26 August 2025 11:37 AM

By: sayum


"Conduct of the Seller Reflects His Intent to Backtrack From the Agreement" — High Court of Himachal Pradesh at Shimla upheld a decree of specific performance in favour of a bona fide purchaser, while denouncing a collusive compromise in execution proceedings as an invalid method to defeat vested contractual rights.

The Court held that “a compromise is not a lawful mode of transfer of immovable property”, and refused to allow a third party, not privy to the original contract, to defeat a decree based on a valid agreement to sell. The ruling reaffirms the legal sanctity of agreements executed in good faith and condemns misuse of execution proceedings to prejudice rightful claims.

The plaintiff, Isrial, had filed a suit for specific performance based on an agreement to sell dated 10.04.2006, executed by defendant Hassan Deen (D-1) for 1 bigha 06 biswas of land. An advance of ₹25,000 out of the total consideration of ₹50,000 had been paid on the date of execution.

The land in question was previously part of a larger parcel measuring 3 bighas 12 biswas, ownership of which was finally decreed in favour of Hassan Deen by a civil court decree dated 02.07.2002, affirmed in appeal and further upheld by the High Court in RSA No. 43/2003.

Despite the final decree, revenue entries were not updated, and Hassan Deen subsequently transferred half the land to Jalal Deen (D-2) via mutation No. 446 dated 25.02.2004.
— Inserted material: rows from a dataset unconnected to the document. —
lemma nn_integral_pareto_tail_infinite:
  assumes a: "0 < a" and s: "s \<le> 1" and v: "0 \<le> v"
  shows "(\<integral>\<^sup>+x. ennreal ((1 + x / a) powr - s) * indicator {v..} x \<partial>lborel) = \<infinity>"
    (is "?I = _")
proof (rule ccontr)
  define F where "F x = a * ln (1 + x / a)" for x
  have I_ge: "ennreal (F b - F v) \<le> ?I" if "v \<le> b" for b
  proof -
    have "ennreal (F b - F v) = (\<integral>\<^sup>+x. ennreal (1 / (1 + x / a)) * indicator {v..b} x \<partial>lborel)"
    proof (rule nn_integral_FTC_Icc[symmetric])
      fix x assume "x \<in> {v..b}"
      then have "0 < 1 + x / a" using a v by (simp add: add_pos_nonneg)
      then show "DERIV F x :> 1 / (1 + x / a)" "0 \<le> 1 / (1 + x / a)"
        unfolding F_def using a by (auto intro!: derivative_eq_intros simp: field_simps)
    qed (use that in auto)
    also have "\<dots> \<le> (\<integral>\<^sup>+x. ennreal ((1 + x / a) powr - s) * indicator {v..} x \<partial>lborel)"
    proof (intro nn_integral_mono)
      fix x
      show "ennreal (1 / (1 + x / a)) * indicator {v..b} x \<le> ennreal ((1 + x / a) powr - s) * indicator {v..} x"
      proof (cases "x \<in> {v..b}")
        case True
        then have "1 \<le> 1 + x / a" using a v by simp
        then have "1 / (1 + x / a) = (1 + x / a) powr - 1" by (simp add: powr_minus_divide)
        also have "\<dots> \<le> (1 + x / a) powr - s" using \<open>1 \<le> 1 + x / a\<close> s by (intro powr_mono) auto
        finally have "1 / (1 + x / a) \<le> (1 + x / a) powr - s" .
        then show ?thesis using True by (simp add: ennreal_leI)
      qed simp
    qed
    finally show ?thesis .
  qed
  assume "?I \<noteq> \<infinity>"
  then obtain c where c: "?I = ennreal c" "0 \<le> c" by (cases ?I) auto
  have "filterlim (\<lambda>b. F b - F v) at_top at_top" unfolding F_def using a by real_asymp
  then have "\<forall>\<^sub>F b in at_top. c < F b - F v \<and> v \<le> b"
    by (intro eventually_conj) (auto simp: filterlim_at_top_dense)
  then obtain b where b: "c < F b - F v" "v \<le> b" by (auto simp: eventually_at_top_linorder)
  have "ennreal (F b - F v) \<le> ennreal c" using I_ge[OF b(2)] c(1) by simp
  then show False using b c(2) by (simp add: ennreal_le_iff)
qed

lemma nn_integral_eq_integral_emeasure_gt:
  assumes "sigma_finite_measure M" and [measurable]: "Z \<in> borel_measurable M"
    and nonneg: "\<And>\<omega>. \<omega> \<in> space M \<Longrightarrow> 0 \<le> Z \<omega>"
  shows "(\<integral>\<^sup>+\<omega>. ennreal (Z \<omega>) \<partial>M)
       = (\<integral>\<^sup>+x. indicator {0..} x * emeasure M {\<omega>\<in>space M. x < Z \<omega>} \<partial>lborel)"
proof -
  interpret pair_sigma_finite lborel M
    using assms(1) by (intro pair_sigma_finite.intro lborel.sigma_finite_measure_axioms)
  have "(\<integral>\<^sup>+\<omega>. ennreal (Z \<omega>) \<partial>M)
      = (\<integral>\<^sup>+\<omega>. (\<integral>\<^sup>+x. indicator {0..} x * indicator {\<omega>\<in>space M. x < Z \<omega>} \<omega> \<partial>lborel) \<partial>M)"
  proof (intro nn_integral_cong)
    fix \<omega> assume \<omega>: "\<omega> \<in> space M"
    then have "(\<integral>\<^sup>+x. indicator {0..} x * indicator {\<omega>\<in>space M. x < Z \<omega>} \<omega> \<partial>lborel)
        = (\<integral>\<^sup>+x. indicator {0..<Z \<omega>} x \<partial>lborel)"
      by (intro nn_integral_cong) (auto split: split_indicator)
    then show "ennreal (Z \<omega>) = (\<integral>\<^sup>+x. indicator {0..} x * indicator {\<omega>\<in>space M. x < Z \<omega>} \<omega> \<partial>lborel)"
      using nonneg[OF \<omega>] by simp
  qed
  also have "\<dots> = (\<integral>\<^sup>+x. (\<integral>\<^sup>+\<omega>. indicator {0..} x * indicator {\<omega>\<in>space M. x < Z \<omega>} \<omega> \<partial>M) \<partial>lborel)"
    by (rule Fubini'[where f = "\<lambda>x \<omega>. indicator {0..} x * indicator {\<omega>\<in>space M. x < Z \<omega>} \<omega>"])
      measurable
  also have "\<dots> = (\<integral>\<^sup>+x. indicator {0..} x * emeasure M {\<omega>\<in>space M. x < Z \<omega>} \<partial>lborel)"
    by (intro nn_integral_cong) (simp add: nn_integral_cmult_indicator)
  finally show ?thesis .
qed

lemma nn_integral_indicator_gt:
  assumes "sigma_finite_measure M" and [measurable]: "Y \<in> borel_measurable M" and v: "0 \<le> v"
  shows "(\<integral>\<^sup>+\<omega>. ennreal (indicator {\<omega>\<in>space M. v < Y \<omega>} \<omega> * Y \<omega>) \<partial>M)
       = ennreal v * emeasure M {\<omega>\<in>space M. v < Y \<omega>}
         + (\<integral>\<^sup>+x. emeasure M {\<omega>\<in>space M. x < Y \<omega>} * indicator {v..} x \<partial>lborel)"
proof -
  interpret sigma_finite_measure M by (rule assms(1))
  have "(\<lambda>x. \<integral>\<^sup>+\<omega>. indicator {\<omega>\<in>space M. x < Y \<omega>} \<omega> \<partial>M) \<in> borel_measurable borel"
    by measurable
  then have [measurable]: "(\<lambda>x. emeasure M {\<omega>\<in>space M. x < Y \<omega>}) \<in> borel_measurable borel"
    by simp
  let ?Z = "\<lambda>\<omega>. indicator {\<omega>\<in>space M. v < Y \<omega>} \<omega> * Y \<omega>"
  have "(\<integral>\<^sup>+\<omega>. ennreal (?Z \<omega>) \<partial>M)
      = (\<integral>\<^sup>+x. indicator {0..} x * emeasure M {\<omega>\<in>space M. x < ?Z \<omega>} \<partial>lborel)"
    using assms v by (intro nn_integral_eq_integral_emeasure_gt) (auto split: split_indicator)
  also have "\<dots> = (\<integral>\<^sup>+x. emeasure M {\<omega>\<in>space M. v < Y \<omega>} * indicator {0..<v} x
                       + emeasure M {\<omega>\<in>space M. x < Y \<omega>} * indicator {v..} x \<partial>lborel)"
  proof (intro nn_integral_cong)
    fix x :: real
    have "{\<omega>\<in>space M. x < ?Z \<omega>} = {\<omega>\<in>space M. max x v < Y \<omega>}" if "0 \<le> x"
      using that by (auto split: split_indicator)
    then show "indicator {0..} x * emeasure M {\<omega>\<in>space M. x < ?Z \<omega>}
        = emeasure M {\<omega>\<in>space M. v < Y \<omega>} * indicator {0..<v} x
          + emeasure M {\<omega>\<in>space M. x < Y \<omega>} * indicator {v..} x"
      using v by (cases "0 \<le> x") (auto simp: max_def split: split_indicator)
  qed
  also have "\<dots> = ennreal v * emeasure M {\<omega>\<in>space M. v < Y \<omega>}
                   + (\<integral>\<^sup>+x. emeasure M {\<omega>\<in>space M. x < Y \<omega>} * indicator {v..} x \<partial>lborel)"
    using v by (subst nn_integral_add) (auto simp: nn_integral_cmult_indicator mult.commute[of _ "ennreal v"])
  finally show ?thesis .
qed

lemma nn_integral_pareto_mixture_tail:
  assumes sums: "\<And>x. v \<le> x \<Longrightarrow> (\<lambda>k. p k * (1 + x / a) powr - (g + real k)) sums F x"
    and p: "\<And>k. 0 \<le> p k"
  shows "(\<integral>\<^sup>+x. ennreal (F x) * indicator {v..} x \<partial>lborel)
       = (\<Sum>k. ennreal (p k) * (\<integral>\<^sup>+x. ennreal ((1 + x / a) powr - (g + real k)) * indicator {v..} x \<partial>lborel))"
proof -
  have "(\<integral>\<^sup>+x. ennreal (F x) * indicator {v..} x \<partial>lborel)
      = (\<integral>\<^sup>+x. (\<Sum>k. ennreal (p k) * (ennreal ((1 + x / a) powr - (g + real k)) * indicator {v..} x)) \<partial>lborel)"
  proof (intro nn_integral_cong)
    fix x :: real
    show "ennreal (F x) * indicator {v..} x
        = (\<Sum>k. ennreal (p k) * (ennreal ((1 + x / a) powr - (g + real k)) * indicator {v..} x))"
    proof (cases "v \<le> x")
      case True
      then have "(\<Sum>k. ennreal (p k * (1 + x / a) powr - (g + real k))) = ennreal (F x)"
        using p by (intro suminf_ennreal_eq sums) auto
      then show ?thesis using True p by (simp add: ennreal_mult)
    qed simp
  qed
  also have "\<dots> = (\<Sum>k. ennreal (p k) * (\<integral>\<^sup>+x. ennreal ((1 + x / a) powr - (g + real k)) * indicator {v..} x \<partial>lborel))"
    by (simp add: nn_integral_suminf nn_integral_cmult)
  finally show ?thesis .
qed

lemma integrable_of_set_integrable_gt:
  fixes Y :: "'a \<Rightarrow> real"
  assumes "finite_measure M" and [measurable]: "Y \<in> borel_measurable M"
    and nonneg: "AE \<omega> in M. 0 \<le> Y \<omega>"
    and integ: "set_integrable M {\<omega>\<in>space M. v < Y \<omega>} Y"
  shows "integrable M Y"
proof -
  interpret finite_measure M by (rule assms(1))
  let ?f = "\<lambda>\<omega>. indicator {\<omega>\<in>space M. v < Y \<omega>} \<omega> * Y \<omega> + \<bar>v\<bar>"
  have f: "integrable M ?f"
    using integ unfolding set_integrable_def by auto
  have bound: "AE \<omega> in M. norm (Y \<omega>) \<le> norm (?f \<omega>)"
    using nonneg AE_space by eventually_elim (auto split: split_indicator)
  show ?thesis by (rule Bochner_Integration.integrable_bound[OF f _ bound]) measurable
qed

lemma (in prob_space) integral_pos_of_AE_pos:
  fixes Y :: "'a \<Rightarrow> real"
  assumes "integrable M Y" "AE \<omega> in M. 0 < Y \<omega>"
  shows "0 < integral\<^sup>L M Y"
proof -
  have nonneg: "AE \<omega> in M. 0 \<le> Y \<omega>" using assms(2) by eventually_elim simp
  have "integral\<^sup>L M Y \<noteq> 0"
  proof
    assume "integral\<^sup>L M Y = 0"
    then have "AE \<omega> in M. Y \<omega> = 0"
      using integral_nonneg_eq_0_iff_AE[OF assms(1) nonneg] by simp
    with assms(2) have "AE \<omega> in M. False" by eventually_elim auto
    then show False by simp
  qed
  moreover have "0 \<le> integral\<^sup>L M Y" using nonneg by (rule integral_nonneg_AE)
  ultimately show ?thesis by simp
qed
Thereafter, the remaining portion of the land was contracted to be sold to Isrial under the agreement in question. However, when Hassan Deen failed to execute the sale deed, Isrial issued a legal notice, and upon receiving no response, filed a suit for specific performance and permanent injunction.

Breach of Contract Through Collusion and Compromise

The plaintiff alleged that Hassan Deen, in collusion with Jalal Deen, withdrew the execution petition filed for correcting revenue entries, based on a compromise. The High Court noted that:

“The compromise...was a method adopted by Hassan Deen (D-1) and Jalal Deen (D-2) to prejudice the rights of plaintiff Isrial arising from agreement to sell dated 10.04.2006.”

The Trial Court declined the decree for specific performance, holding that correction of revenue records was a condition precedent to executing the sale deed. However, it did grant a decree of permanent injunction in favour of the plaintiff, finding him to be in possession.

First Appellate Court Rectifies Legal Error and Grants Specific Performance

On appeal, the District Judge, Chamba, reversed the findings of the Trial Court, declaring:

“The agreement could not be said to have been frustrated merely because the revenue entries were not corrected. The conduct of the seller shows he withdrew the execution petition only to defeat the rights of the purchaser.”

The Court found that possession had already been delivered to the plaintiff in part performance of the agreement and held that the terms of compromise entered into between D-1 and D-2 were not binding on the plaintiff.

It was specifically held that: “The stipulation in the agreement that sale deed would be executed within three months of revenue correction cannot be termed as a condition precedent. At most, it had relevance for limitation.”

High Court’s Final Verdict: Collusive Compromise Cannot Override Valid Contractual Rights

In the second appeal, only Jalal Deen (D-2) approached the High Court, even though he was not a party to the agreement.

The High Court found no merit in his appeal, observing: “The locus standi of Jalal Deen (D-2) to challenge the validity of concurrent findings... becomes highly questionable.”

The Court noted that the title of the plaintiff was already established by virtue of a judicial decree, and the transfer made thereafter by Hassan Deen in favour of Jalal Deen was legally unsustainable.

Further, rejecting the reliance placed by the appellant on the Supreme Court decision in N.K. Rajgarhia v. Mahavir Plantation, the Court held: “In N.K. Rajgarhia... there was no involvement of rights of a third party. Here, the compromise cannot defeat the rights of a bona fide purchaser arising from a prior agreement.”

Criticising the approach of the Trial Court, the High Court held: “The decree... was not sustainable as it was based on assumed defences under the Specific Relief Act, without any contest from the defendants.”

The Court also found it significant that Hassan Deen never contested the suit, appeal, or second appeal, thus implying tacit admission.

Finally, the High Court affirmed the decree of specific performance and made it clear:

“The step taken by Hassan Deen (D-1) was obstructed by his voluntary act itself, and could not be considered an impediment in granting specific performance.”

The Himachal Pradesh High Court’s ruling in Jalal Deen vs. Isrial stands as a strong rebuke to collusive practices aimed at defeating valid contractual obligations. It protects the sanctity of agreements executed in good faith and safeguards the interests of bona fide purchasers from being usurped by fraudulent compromises.

The Court’s observation that “a compromise is not a lawful mode of transfer of immovable property” sends a clear signal — any attempt to override judicial decrees or contractual rights through indirect means will be struck down.